(TASK TO CARRY OUT) Could you reproduce the lines below from the one with "K \<Longrightarrow> M" through the one with "define p where"? Keep both ends and add nothing.

(MATERIAL SUPPLIED)

(* Consider Problem (P) under Assumption (A) over a sequence of directed graphs satisfying Assumption (B'), and run SONATA for time-varying digraphs with weight matrices satisfying (E) and surrogates satisfying (C), where $\tilde\mu_{\min}\ge D^\ell_{\min}$. Then there exists $\bar\alpha\in(0,1]$ such that for every step-size $\alpha\in(0,\bar\alpha)$ and every $i\in\{1,\dots,m\}$, $\{U(x_i^\nu)\}$ converges to $U^\star$ at an R-linear rate, i.e. $|U(x_i^\nu)-U^\star|=O(z^\nu)$ for some $z\in(0,1)$.
   Context: Problem (P): minimize $U(x)=F(x)+G(x)$ over $x\in\mathcal K$, $F=\frac1m\sum_{i=1}^mf_i$. (A): $\mathcal K\subseteq\mathbb R^d$ nonempty closed convex; each $f_i$ twice differentiable and convex on an open $\mathcal O\supseteq\mathcal K$; $\mu I\preceq\nabla^2F\preceq LI$ on $\mathcal K$ ($\mu>0$, $L<\infty$); $G:\mathcal K\to\mathbb R$ convex; $U^\star$ optimal value. (B'): time-varying digraphs $\mathcal G^\nu=(\{1,\dots,m\},\mathcal E^\nu)$, $(i,j)\in\mathcal E^\nu$ meaning a link from $i$ to $j$; there is an integer $B>0$ such that the graph with edge set $\bigcup_{t=\nu B}^{(\nu+1)B-1}\mathcal E^t$ is strongly connected for all $\nu\ge0$. (E): there is $c_\ell>0$ such that for all $\nu$: $c^\nu_{ii}\ge c_\ell$; $c^\nu_{ij}\ge c_\ell$ if $(j,i)\in\mathcal E^\nu$ and $c^\nu_{ij}=0$ otherwise; $\mathbf1^\top C^\nu=\mathbf1^\top$. (C): $\tilde f_i:\mathcal O\times\mathcal O\to\mathbb R$ is $C^2$, $\nabla\tilde f_i(x;x)=\nabla f_i(x)$, $\nabla\tilde f_i(\cdot;x)$ $\tilde L_i$-Lipschitz and $\tilde f_i(\cdot;x)$ $\tilde\mu_i$-strongly convex on $\mathcal K$ for all $x\in\mathcal K$ (derivatives in first argument). Constants $D_i^\ell\le D_i^u$ with $D_i^\ell I\preceq\nabla^2\tilde f_i(x;y)-\nabla^2F(x)\preceq D_i^uI$ on $\mathcal K\times\mathcal K$; $\tilde\mu_{\min}=\min_i\tilde\mu_i$, $D^\ell_{\min}=\min_iD_i^\ell$. SONATA for time-varying digraphs (step-size $\alpha\in(0,1]$): $x_i^0\in\mathcal K$, $y_i^0=\nabla f_i(x_i^0)$, $\phi_i^0=1$; $\hat x_i^\nu=\arg\min_{x_i\in\mathcal K}\tilde f_i(x_i;x_i^\nu)+(y_i^\nu-\nabla f_i(x_i^\nu))^\top(x_i-x_i^\nu)+G(x_i)$; $x_i^{\nu+1/2}=x_i^\nu+\alpha(\hat x_i^\nu-x_i^\nu)$; $\phi_i^{\nu+1}=\sum_jc^\nu_{ij}\phi_j^\nu$; $x_i^{\nu+1}=\frac1{\phi_i^{\nu+1}}\sum_jc^\nu_{ij}\phi_j^\nu x_j^{\nu+1/2}$; $y_i^{\nu+1}=\frac1{\phi_i^{\nu+1}}\sum_jc^\nu_{ij}\big(\phi_j^\nu y_j^\nu+\nabla f_j(x_j^{\nu+1})-\nabla f_j(x_j^\nu)\big)$. *)

theory Defs
  imports "HOL-Analysis.Analysis"
begin

definition strongly_convex_on :: "real \<Rightarrow> 'a::real_inner set \<Rightarrow> ('a \<Rightarrow> real) \<Rightarrow> bool" where
  "strongly_convex_on mu S f \<longleftrightarrow> convex_on S (\<lambda>x. f x - mu / 2 * (norm x)\<^sup>2)"

definition C2_on :: "'a::euclidean_space set \<Rightarrow> ('a \<Rightarrow> real) \<Rightarrow> bool" where
  "C2_on S f \<longleftrightarrow> (\<exists>D1 :: 'a \<Rightarrow> ('a \<Rightarrow>\<^sub>L real). \<exists>D2 :: 'a \<Rightarrow> ('a \<Rightarrow>\<^sub>L ('a \<Rightarrow>\<^sub>L real)).
      (\<forall>x\<in>S. (f has_derivative blinfun_apply (D1 x)) (at x)) \<and>
      (\<forall>x\<in>S. (D1 has_derivative blinfun_apply (D2 x)) (at x)) \<and>
      continuous_on S D2)"

text \<open>A digraph on vertex set V with edge set E (pairs (i,j) = link i to j) is strongly connected.\<close>
definition strongly_connected_digraph :: "'v set \<Rightarrow> ('v \<times> 'v) set \<Rightarrow> bool" where
  "strongly_connected_digraph V E \<longleftrightarrow> (\<forall>i\<in>V. \<forall>j\<in>V. (i, j) \<in> (E \<inter> (V \<times> V))\<^sup>*)"

definition R_linear_conv :: "(nat \<Rightarrow> real) \<Rightarrow> real \<Rightarrow> bool" where
  "R_linear_conv u l \<longleftrightarrow> (\<exists>z. 0 < z \<and> z < 1 \<and> (\<exists>K. \<forall>\<nu>. \<bar>u \<nu> - l\<bar> \<le> K * z ^ \<nu>))"

end

theory Submission
  imports Defs
begin

text \<open>
  Reweighting the column-stochastic matrices \<open>c k\<close> by the push-sum weights, \<open>W k i j =
  c k i j * phi j k / phi i (k + 1)\<close>, gives row-stochastic matrices, so the \<open>x\<close>- and \<open>y\<close>-updates
  of SONATA are averages of perturbed local values. By the joint strong connectivity, products of
  \<open>W\<close> over \<open>T = m B\<close> consecutive steps have all entries at least \<open>delta > 0\<close>; hence the
  disagreements \<open>xdiam\<close> and \<open>ydiam\<close> of the \<open>x\<close>- and \<open>y\<close>-iterates contract by
  \<open>rho = 1 - m delta\<close> per window, up to perturbations of the size of the local steps \<open>dmax\<close>.
  Gradient tracking keeps \<open>\<Sum>i. phi i k y i k = \<Sum>i. gf i (x i k)\<close>, so the tracking errors are
  bounded by \<open>ydiam + Lf xdiam\<close>. Optimality of the surrogate subproblems then yields the descent
  inequality
    \<open>lyap (k + 1) \<le> (1 - alpha tau) lyap k - alpha k_desc dmax\<^sup>2 + alpha k_err (xdiam\<^sup>2 + ydiam\<^sup>2)\<close>
  for the Lyapunov function \<open>lyap k = \<Sum>i. phi i k / m * (U (x i k) - Ustar)\<close>. For small \<open>alpha\<close> a
  small-gain induction shows that \<open>xdiam\<close>, \<open>ydiam\<close>, \<open>dmax\<close> and \<open>sqrt lyap\<close> all decay like
  \<open>(1 - alpha tau / 4)\<^sup>\<nu>\<close>, and \<open>phi i k \<ge> eta > 0\<close> transfers the decay of \<open>lyap\<close> to every
  \<open>U (x i \<nu>) - Ustar\<close>.

  Of the surrogate curvature bounds only \<open>D\<^sup>u\<close> enters this argument.
\<close>

section \<open>Differentiable convex functions\<close>

lemma has_real_derivative_on_line:
  fixes f :: "'a::real_inner \<Rightarrow> real"
  assumes "(f has_derivative (\<lambda>v. gr \<bullet> v)) (at (p + t *\<^sub>R h))"
  shows "((\<lambda>s. f (p + s *\<^sub>R h)) has_real_derivative (gr \<bullet> h)) (at t)"
proof -
  have l: "((\<lambda>s. p + s *\<^sub>R h) has_derivative (\<lambda>s. s *\<^sub>R h)) (at t)"
    by (auto intro!: derivative_eq_intros)
  have "((\<lambda>s. f (p + s *\<^sub>R h)) has_derivative (\<lambda>s. gr \<bullet> (s *\<^sub>R h))) (at t)"
    using has_derivative_compose[OF l assms] by simp
  moreover have "(\<lambda>s. gr \<bullet> (s *\<^sub>R h)) = (*) (gr \<bullet> h)" by (auto simp: mult.commute)
  ultimately show ?thesis by (simp add: has_field_derivative_def)
qed

lemma has_real_derivative_on_line_inner:
  fixes g :: "'a::real_inner \<Rightarrow> 'a"
  assumes "(g has_derivative H) (at (p + t *\<^sub>R h))"
  shows "((\<lambda>s. g (p + s *\<^sub>R h) \<bullet> k) has_real_derivative (H h \<bullet> k)) (at t)"
proof -
  have l: "((\<lambda>s. p + s *\<^sub>R h) has_derivative (\<lambda>s. s *\<^sub>R h)) (at t)"
    by (auto intro!: derivative_eq_intros)
  have c: "((\<lambda>s. g (p + s *\<^sub>R h)) has_derivative (\<lambda>s. H (s *\<^sub>R h))) (at t)"
    using has_derivative_compose[OF l assms] by simp
  have lin: "linear H" using assms has_derivative_linear by blast
  have "((\<lambda>s. g (p + s *\<^sub>R h) \<bullet> k) has_derivative (\<lambda>s. H (s *\<^sub>R h) \<bullet> k)) (at t)"
    using has_derivative_inner_left[OF c] by simp
  moreover have "(\<lambda>s. H (s *\<^sub>R h) \<bullet> k) = (*) (H h \<bullet> k)"
    using lin by (auto simp: linear_scale mult.commute)
  ultimately show ?thesis by (simp add: has_field_derivative_def)
qed

lemma quadratic_upper_bound:
  fixes \<phi> :: "'a::real_inner \<Rightarrow> real"
  assumes K: "convex K"
    and d1: "\<And>x. x \<in> K \<Longrightarrow> (\<phi> has_derivative (\<lambda>v. g x \<bullet> v)) (at x)"
    and d2: "\<And>x. x \<in> K \<Longrightarrow> (g has_derivative H x) (at x)"
    and hb: "\<And>x h. x \<in> K \<Longrightarrow> H x h \<bullet> h \<le> M * (norm h)\<^sup>2"
    and a: "a \<in> K" and b: "b \<in> K"
  shows "\<phi> b \<le> \<phi> a + g a \<bullet> (b - a) + M / 2 * (norm (b - a))\<^sup>2"
proof -
  define d where "d = b - a"
  have inK: "a + s *\<^sub>R d \<in> K" if "0 \<le> s" "s \<le> 1" for s
  proof -
    have "a + s *\<^sub>R d = (1 - s) *\<^sub>R a + s *\<^sub>R b" by (simp add: d_def algebra_simps)
    thus ?thesis using K a b that by (simp add: convex_def)
  qed
  define r where "r = (\<lambda>s. g (a + s *\<^sub>R d) \<bullet> d - g a \<bullet> d - M * s * (norm d)\<^sup>2)"
  have r_der: "(r has_real_derivative (H (a + s *\<^sub>R d) d \<bullet> d - M * (norm d)\<^sup>2)) (at s)"
    if "0 \<le> s" "s \<le> 1" for s
  proof -
    have "((\<lambda>s. g (a + s *\<^sub>R d) \<bullet> d) has_real_derivative (H (a + s *\<^sub>R d) d \<bullet> d)) (at s)"
      by (rule has_real_derivative_on_line_inner) (use d2 inK that in auto)
    then show ?thesis unfolding r_def
      by (auto intro!: derivative_eq_intros)
  qed
  have r_le: "r s \<le> 0" if "0 \<le> s" "s \<le> 1" for s
  proof -
    have "r s \<le> r 0"
      by (rule DERIV_nonpos_imp_nonincreasing[of 0 s r]) (use that r_der hb inK in force)+
    also have "r 0 = 0" by (simp add: r_def)
    finally show ?thesis .
  qed
  define w where "w = (\<lambda>s. \<phi> (a + s *\<^sub>R d) - \<phi> a - (g a \<bullet> d) * s - M / 2 * s\<^sup>2 * (norm d)\<^sup>2)"
  have w_der: "(w has_real_derivative r s) (at s)" if "0 \<le> s" "s \<le> 1" for s
  proof -
    have "((\<lambda>s. \<phi> (a + s *\<^sub>R d)) has_real_derivative (g (a + s *\<^sub>R d) \<bullet> d)) (at s)"
      by (rule has_real_derivative_on_line) (use d1 inK that in auto)
    then have "(w has_real_derivative (g (a + s *\<^sub>R d) \<bullet> d - g a \<bullet> d - M / 2 * (2 * s) * (norm d)\<^sup>2)) (at s)"
      unfolding w_def by (auto intro!: derivative_eq_intros)
    then show ?thesis by (simp add: r_def)
  qed
  have "w 1 \<le> w 0"
    by (rule DERIV_nonpos_imp_nonincreasing[of 0 1 w]) (use w_der r_le in force)+
  then show ?thesis by (simp add: w_def d_def inner_commute)
qed

lemma quadratic_lower_bound:
  fixes \<phi> :: "'a::real_inner \<Rightarrow> real"
  assumes K: "convex K"
    and d1: "\<And>x. x \<in> K \<Longrightarrow> (\<phi> has_derivative (\<lambda>v. g x \<bullet> v)) (at x)"
    and d2: "\<And>x. x \<in> K \<Longrightarrow> (g has_derivative H x) (at x)"
    and hb: "\<And>x h. x \<in> K \<Longrightarrow> M * (norm h)\<^sup>2 \<le> H x h \<bullet> h"
    and a: "a \<in> K" and b: "b \<in> K"
  shows "\<phi> a + g a \<bullet> (b - a) + M / 2 * (norm (b - a))\<^sup>2 \<le> \<phi> b"
proof -
  have "(- \<phi>) b \<le> (- \<phi>) a + (- g a) \<bullet> (b - a) + (- M) / 2 * (norm (b - a))\<^sup>2"
  proof (rule quadratic_upper_bound[where g = "\<lambda>x. - g x" and H = "\<lambda>x h. - H x h" and K = K])
    fix x assume x: "x \<in> K"
    show "((- \<phi>) has_derivative (\<lambda>v. - g x \<bullet> v)) (at x)"
      using has_derivative_minus[OF d1[OF x]] by (simp add: fun_Compl_def)
    show "((\<lambda>x. - g x) has_derivative (\<lambda>h. - H x h)) (at x)"
      using has_derivative_minus[OF d2[OF x]] by simp
    fix h show "- H x h \<bullet> h \<le> - M * (norm h)\<^sup>2" using hb[OF x, of h] by simp
  qed (use K a b in auto)
  then show ?thesis by simp
qed

lemma convex_on_gradient_ineq:
  fixes q :: "'a::real_inner \<Rightarrow> real"
  assumes cv: "convex_on S q"
    and d: "\<And>x. x \<in> S \<Longrightarrow> (q has_derivative (\<lambda>v. gq x \<bullet> v)) (at x)"
    and a: "a \<in> S" and b: "b \<in> S"
  shows "q a + gq a \<bullet> (b - a) \<le> q b"
proof (rule ccontr)
  assume "\<not> ?thesis"
  then have lt: "q b - q a < gq a \<bullet> (b - a)" by simp
  define c where "c = q b - q a"
  define p where "p = (\<lambda>s. q (a + s *\<^sub>R (b - a)) - c * s)"
  have "((\<lambda>s. q (a + s *\<^sub>R (b - a))) has_real_derivative (gq a \<bullet> (b - a))) (at 0)"
    by (rule has_real_derivative_on_line) (use d a in simp)
  then have "(p has_real_derivative (gq a \<bullet> (b - a) - c)) (at 0)"
    unfolding p_def by (auto intro!: derivative_eq_intros)
  moreover have "0 < gq a \<bullet> (b - a) - c" using lt c_def by simp
  ultimately obtain e where e: "e > 0" "\<And>h. h > 0 \<Longrightarrow> h < e \<Longrightarrow> p 0 < p (0 + h)"
    using DERIV_pos_inc_right by blast
  define h where "h = min (e / 2) 1"
  have h: "h > 0" "h < e" "h \<le> 1" using e by (auto simp: h_def)
  have "q (a + h *\<^sub>R (b - a)) = q ((1 - h) *\<^sub>R a + h *\<^sub>R b)" by (simp add: algebra_simps)
  also have "\<dots> \<le> (1 - h) * q a + h * q b" using convex_onD[OF cv, of h a b] h a b by simp
  finally have "q (a + h *\<^sub>R (b - a)) \<le> (1 - h) * q a + h * q b" .
  then have "p h \<le> p 0" unfolding p_def c_def by (simp add: algebra_simps)
  with e(2)[OF h(1) h(2)] show False by simp
qed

(OUTPUT FOR THIS EXERCISE)
    and hb: "\<And>x h. x \<in> K \<Longrightarrow> M * (norm h)\<^sup>2 \<le> H x h \<bullet> h"
    and a: "a \<in> K" and b: "b \<in> K"
  shows "\<phi> a + g a \<bullet> (b - a) + M / 2 * (norm (b - a))\<^sup>2 \<le> \<phi> b"
proof -
  have "(- \<phi>) b \<le> (- \<phi>) a + (- g a) \<bullet> (b - a) + (- M) / 2 * (norm (b - a))\<^sup>2"
  proof (rule quadratic_upper_bound[where g = "\<lambda>x. - g x" and H = "\<lambda>x h. - H x h" and K = K])
    fix x assume x: "x \<in> K"
    show "((- \<phi>) has_derivative (\<lambda>v. - g x \<bullet> v)) (at x)"
      using has_derivative_minus[OF d1[OF x]] by (simp add: fun_Compl_def)
    show "((\<lambda>x. - g x) has_derivative (\<lambda>h. - H x h)) (at x)"
      using has_derivative_minus[OF d2[OF x]] by simp
    fix h show "- H x h \<bullet> h \<le> - M * (norm h)\<^sup>2" using hb[OF x, of h] by simp
  qed (use K a b in auto)
  then show ?thesis by simp
qed

lemma convex_on_gradient_ineq:
  fixes q :: "'a::real_inner \<Rightarrow> real"
  assumes cv: "convex_on S q"
    and d: "\<And>x. x \<in> S \<Longrightarrow> (q has_derivative (\<lambda>v. gq x \<bullet> v)) (at x)"
    and a: "a \<in> S" and b: "b \<in> S"
  shows "q a + gq a \<bullet> (b - a) \<le> q b"
proof (rule ccontr)
  assume "\<not> ?thesis"
  then have lt: "q b - q a < gq a \<bullet> (b - a)" by simp
  define c where "c = q b - q a"
  define p where "p = (\<lambda>s. q (a + s *\<^sub>R (b - a)) - c * s)"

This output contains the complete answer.